Interface SHAP<T>

Type Parameters:
T - the data type of model input objects.
All Known Subinterfaces:
TreeSHAP
All Known Implementing Classes:
AdaBoost, CART, DecisionTree, GradientTreeBoost, GradientTreeBoost, RandomForest, RandomForest, RegressionTree

public interface SHAP<T>
SHAP (SHapley Additive exPlanations) is a game theoretic approach to explain the output of any machine learning model. It connects optimal credit allocation with local explanations using the classic Shapley values from game theory.

SHAP leverages local methods designed to explain a prediction f(x) based on a single input x.

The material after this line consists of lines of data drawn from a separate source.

lemma tree_in_grows_to_Suc_leaves:
  assumes "simple_graph V E" and "graph_connected V E"
    and "\<not> (\<exists>F'. spanning_tree F' V E \<and> card (leaves V F') \<le> k)" and "2 \<le> k"
    and "tree_in H F V E" and "card (leaves H F) \<le> k"
  shows "\<exists>H' F'. tree_in H' F' V E \<and> card (leaves H' F') = Suc k \<and> H \<subset> H'"
  using assms(5,6)
proof (induction "card V - card H" arbitrary: H F rule: less_induct)
  case less
  have "H \<subseteq> V" "is_tree H F"
    using less.prems(1) unfolding tree_in_def subgraph_def by auto
  moreover have "H \<noteq> V"
    using less.prems assms(3) unfolding spanning_tree_def by blast
  moreover have "H \<noteq> {}"
    using \<open>is_tree H F\<close> unfolding is_tree_def graph_connected_def by blast
  ultimately obtain u w where uw: "u \<in> H" "w \<in> V" "w \<notin> H" "{u, w} \<in> E"
    using graph_connected_exit_edge assms(1,2) by metis
  let ?H = "insert w H" and ?F = "insert {u, w} F"
  have tree: "tree_in ?H ?F V E"
    using tree_in_insert_pendant[OF less.prems(1) uw(2,3,1,4)] .
  have "card (leaves ?H ?F) \<le> Suc k"
    using card_leaves_insert_pendant[of H F u w] \<open>is_tree H F\<close> uw less.prems(2) assms(4)
    unfolding is_tree_def by simp
  then consider (grown) "card (leaves ?H ?F) = Suc k" | (fewer) "card (leaves ?H ?F) \<le> k"
    by linarith
  then show ?case
  proof cases
    case grown
    then show ?thesis
      using tree uw(3) by blast
  next
    case fewer
    have "finite V"
      using assms(1) unfolding simple_graph_def by simp
    then have "card ?H \<le> card V" and "card ?H = Suc (card H)"
      using \<open>H \<subseteq> V\<close> uw(2,3) by (auto intro: card_mono dest: finite_subset)
    then have "card V - card ?H < card V - card H"
      by linarith
    then show ?thesis
      using less.hyps[OF _ tree fewer] by blast
  qed
qed

theorem lemma2p1:
  fixes V :: "'a set" and E :: "'a set set" and H :: "'a set" and F :: "'a set set"
  assumes "simple_graph V E"
    and "graph_connected V E"
    and "\<not> (\<exists>F'. spanning_tree F' V E \<and> card (leaves V F') \<le> 4)"
    and "maximal_tree_with_leaves 5 H F V E"
  shows "\<not> (\<exists>H' F'. tree_in H' F' V E \<and> card (leaves H' F') \<le> 4 \<and> H' = H)"
proof
  assume "\<exists>H' F'. tree_in H' F' V E \<and> card (leaves H' F') \<le> 4 \<and> H' = H"
  then obtain F' where "tree_in H F' V E" "card (leaves H F') \<le> 4"
    by blast
  then obtain H' F'' where H': "tree_in H' F'' V E" "card (leaves H' F'') = 5" "H \<subset> H'"
    using tree_in_grows_to_Suc_leaves[OF assms(1-3)] by fastforce
  have "finite H'"
    using H'(1) assms(1) unfolding tree_in_def subgraph_def simple_graph_def
    by (meson finite_subset)
  then have "card H < card H'"
    using H'(3) by (rule psubset_card_mono)
  moreover have "card H' \<le> card H"
    using assms(4) H'(1,2) unfolding maximal_tree_with_leaves_def by blast
  ultimately show False
    by simp
qed
(* Let $T$ be a text of length $n$ with suffix tree $\mathcal T$, and let $d=\lceil\log_2 n\rceil$. The total number of heavy Weiner links whose source is a w-special node of $\mathcal T$ is $O(n/d)$.
   Context: For a node $v$ of the suffix tree $\mathcal T$ whose root-to-node path spells the string $p$, and a symbol $c$ such that $cp$ occurs in $T$, the Weiner link $\mathrm{wlink}(v,c)$ goes from $v$ (its source) to the locus $u$ of $cp$ in $\mathcal T$ (the highest node whose path label has $cp$ as a prefix); $c$ is its label. A Weiner link is heavy if its target node has at least $d$ leaf descendants, and light otherwise. A node $v$ is w-special if at least two heavy Weiner links have $v$ as source. *)

theory Defs
  imports Complex_Main "HOL-Library.Sublist"
begin

text \<open>Texts are lists over the alphabet nat (any alphabet embeds). Nodes of the
suffix tree are identified with their path labels (strings).\<close>

definition right_maximal :: "nat list \<Rightarrow> nat list \<Rightarrow> bool" where
  "right_maximal T p \<longleftrightarrow>
     (\<exists>a b. a \<noteq> b \<and> sublist (p @ [a]) T \<and> sublist (p @ [b]) T)"

text \<open>Nodes of the suffix tree: the root, the internal (branching) nodes, and the leaves
(non-empty suffixes of T; T is assumed to end with a unique terminator).\<close>
definition st_node :: "nat list \<Rightarrow> nat list \<Rightarrow> bool" where
  "st_node T p \<longleftrightarrow> p = [] \<or> right_maximal T p \<or> (p \<noteq> [] \<and> suffix p T)"
lemma filter_nths_eq_filter:
  "(\<And>j. j < length r \<Longrightarrow> j \<notin> S \<Longrightarrow> \<not> P (r ! j)) \<Longrightarrow> filter P (nths r S) = filter P r"
proof (induction r arbitrary: S)
  case (Cons x r)
  have "filter P (nths r {j. Suc j \<in> S}) = filter P r"
    using Cons.prems[of "Suc _"] by (intro Cons.IH) auto
  with Cons.prems[of 0] show ?case
    by (auto simp: nths_Cons)
qed simp

lemma nonzeros_concat_pk: "nonzeros (concat (pk A)) = nonzeros (concat A)"
proof -
  let ?S = "{j. \<exists>r'\<in>set A. j < length r' \<and> r' ! j \<noteq> 0}"
  have columns: "map (\<lambda>r. nonzeros (nths r ?S)) (filter nonzero_row A) = map nonzeros (filter nonzero_row A)"
    by (intro map_cong refl filter_nths_eq_filter) auto
  have "nonzeros (concat (pk A)) = concat (map (\<lambda>r. nonzeros (nths r ?S)) (filter nonzero_row A))"
    by (simp add: pk_def filter_concat o_def)
  also have "\<dots> = nonzeros (concat (filter nonzero_row A))"
    by (simp only: columns filter_concat)
  also have "\<dots> = nonzeros (concat A)"
    by (induction A) (auto simp: nonzero_row_def filter_empty_conv)
  finally show ?thesis .
qed

lemma Comp_pk: "Comp (pk A) = Comp A"
  by (simp only: Comp_eq_row_mat nonzeros_concat_pk)

lemma pk_single_row: "pk [a] = row_mat (nonzeros a)"
proof -
  let ?S = "{j. j < length a \<and> a ! j \<noteq> 0}"
  have "nonzeros (nths a ?S) = nths a ?S"
    by (auto simp: filter_id_conv set_nths)
  moreover have "nonzeros (nths a ?S) = nonzeros a"
    by (rule filter_nths_eq_filter) auto
  ultimately have "nths a ?S = nonzeros a"
    by simp
  moreover have "nonzero_row a \<longleftrightarrow> nonzeros a \<noteq> []"
    by (auto simp: nonzero_row_def filter_empty_conv)
  moreover have "{j. \<exists>r'\<in>set [a]. j < length r' \<and> r' ! j \<noteq> 0} = ?S"
    by auto
  ultimately show ?thesis
    by (simp add: pk_def row_mat_def)
qed

lemma decomp_single_row: "decomp [s] = (\<lambda>(a, b). ([a], [b])) ` row_decomps s"
proof (intro equalityI subsetI)
  fix p assume p: "p \<in> decomp [s]"
  then obtain a b where ab: "p = ([a], [b])"
    by (auto simp: decomp_def is_mat_def length_Suc_conv)
  with p have "(a, b) \<in> row_decomps s"
    by (auto simp: decomp_def is_mat_def row_decomps_def ncols_def)
  with ab show "p \<in> (\<lambda>(a, b). ([a], [b])) ` row_decomps s"
    by auto
qed (auto simp: decomp_def is_mat_def row_decomps_def ncols_def)

lemma Comp_eq_Nil_iff: "packed M \<Longrightarrow> Comp M = [] \<longleftrightarrow> M = []"
  by (cases M) (auto simp: Comp_def packed_def nonzero_row_def filter_empty_conv)

lemma packed1_Comp: "packed1 (Comp M)"
  by (auto simp: Comp_def packed1_def packed_def is_mat_def ncols_def nonzero_row_def Let_def
      filter_empty_conv dest: nth_mem)

lemma Comp_dsum: "Comp (dsum A B) = conc (Comp A) (Comp B)"
  by (simp add: Comp_def dsum_def conc_def Let_def filter_concat o_def)

lemma finite_decomp: "packed M \<Longrightarrow> finite (decomp M)"
  using finite_row_decomps
  by (simp add: decomp_eq_rowwise_decomps finite_rowwise_decomps)

lemma sum_decomp_Comp:
  assumes "packed M"
  shows "(\<Sum>(A, B)\<in>decomp M. h (Comp A) (Comp B)) = (\<Sum>(a, b)\<in>decomp (Comp M). h (pk a) (pk b))"
proof (cases "M = []")
  case True
  have "decomp [] = {([], [])}"
    by (auto simp: decomp_def is_mat_def)
  with True show ?thesis
    by (simp add: Comp_def pk_def)
next
  case False
  let ?s = "nonzeros (concat M)"
  have Comp_M: "Comp M = [?s]"
    using False Comp_eq_Nil_iff[OF assms] by (auto simp: Comp_def Let_def split: if_splits)
  have inj: "inj_on (\<lambda>(a, b). ([a], [b])) (row_decomps ?s)"
    by (auto simp: inj_on_def)
  have "(\<Sum>(A, B)\<in>decomp M. h (Comp A) (Comp B))
      = (\<Sum>(A, B)\<in>rowwise_decomps M. h (row_mat (nonzeros (concat A))) (row_mat (nonzeros (concat B))))"
    by (simp only: decomp_eq_rowwise_decomps[OF assms] Comp_eq_row_mat)
  also have "\<dots> = (\<Sum>(a, b)\<in>row_decomps (concat M). h (row_mat (nonzeros a)) (row_mat (nonzeros b)))"
    by (rule sum_rowwise_decomps_concat)
  also have "\<dots> = (\<Sum>(a, b)\<in>row_decomps ?s. h (row_mat (nonzeros a)) (row_mat (nonzeros b)))"
    by (rule sum_row_decomps_nonzeros)
  also have "\<dots> = (\<Sum>(a, b)\<in>decomp [?s]. h (pk a) (pk b))"
    unfolding decomp_single_row sum.reindex[OF inj] by (simp add: pk_single_row case_prod_beta)
  finally show ?thesis
    by (simp only: Comp_M)
qed

section \<open>The bialgebra morphism\<close>

lemma finite_supp_HPack: "x \<in> HPack \<Longrightarrow> finite (supp x)"
  by (simp add: HPack_def vspace_def)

The local methods are defined as any interpretable approximation of the original model. In particular, SHAP employs additive feature attribution methods.

SHAP values attribute to each feature the change in the expected model prediction when conditioning on that feature. They explain how to get from the base value E[f(z)] that would be predicted if we did not know any features to the current output f(x).

In game theory, the Shapley value is the average expected marginal contribution of one player after all possible combinations have been considered.

References

  1. Lundberg, Scott M., and Su-In Lee. A unified approach to interpreting model predictions. NIPS, 2017.
  2. Lundberg, Scott M., Gabriel G. Erion, and Su-In Lee. Consistent individualized feature attribution for tree ensembles.
  • Method Summary

    Modifier and Type
    Method
    Description
    default double[]
    shap(Stream<T> data)
    Returns the average of absolute SHAP values over a data set.
    double[]
    shap(T x)
    Returns the SHAP values.
  • Method Details

    • shap

      double[] shap(T x)
      Returns the SHAP values. For regression, the length of SHAP values is same as the number of features. For classification, SHAP values are of p x k, where p is the number of features and k is the classes. The first k elements are the SHAP values of first feature over k classes, respectively. The rest features follow accordingly.
      Parameters:
      x - an instance.
      Returns:
      the SHAP values.
    • shap

      default double[] shap(Stream<T> data)
      Returns the average of absolute SHAP values over a data set.
      Parameters:
      data - the data set.
      Returns:
      the average of absolute SHAP values over a data set.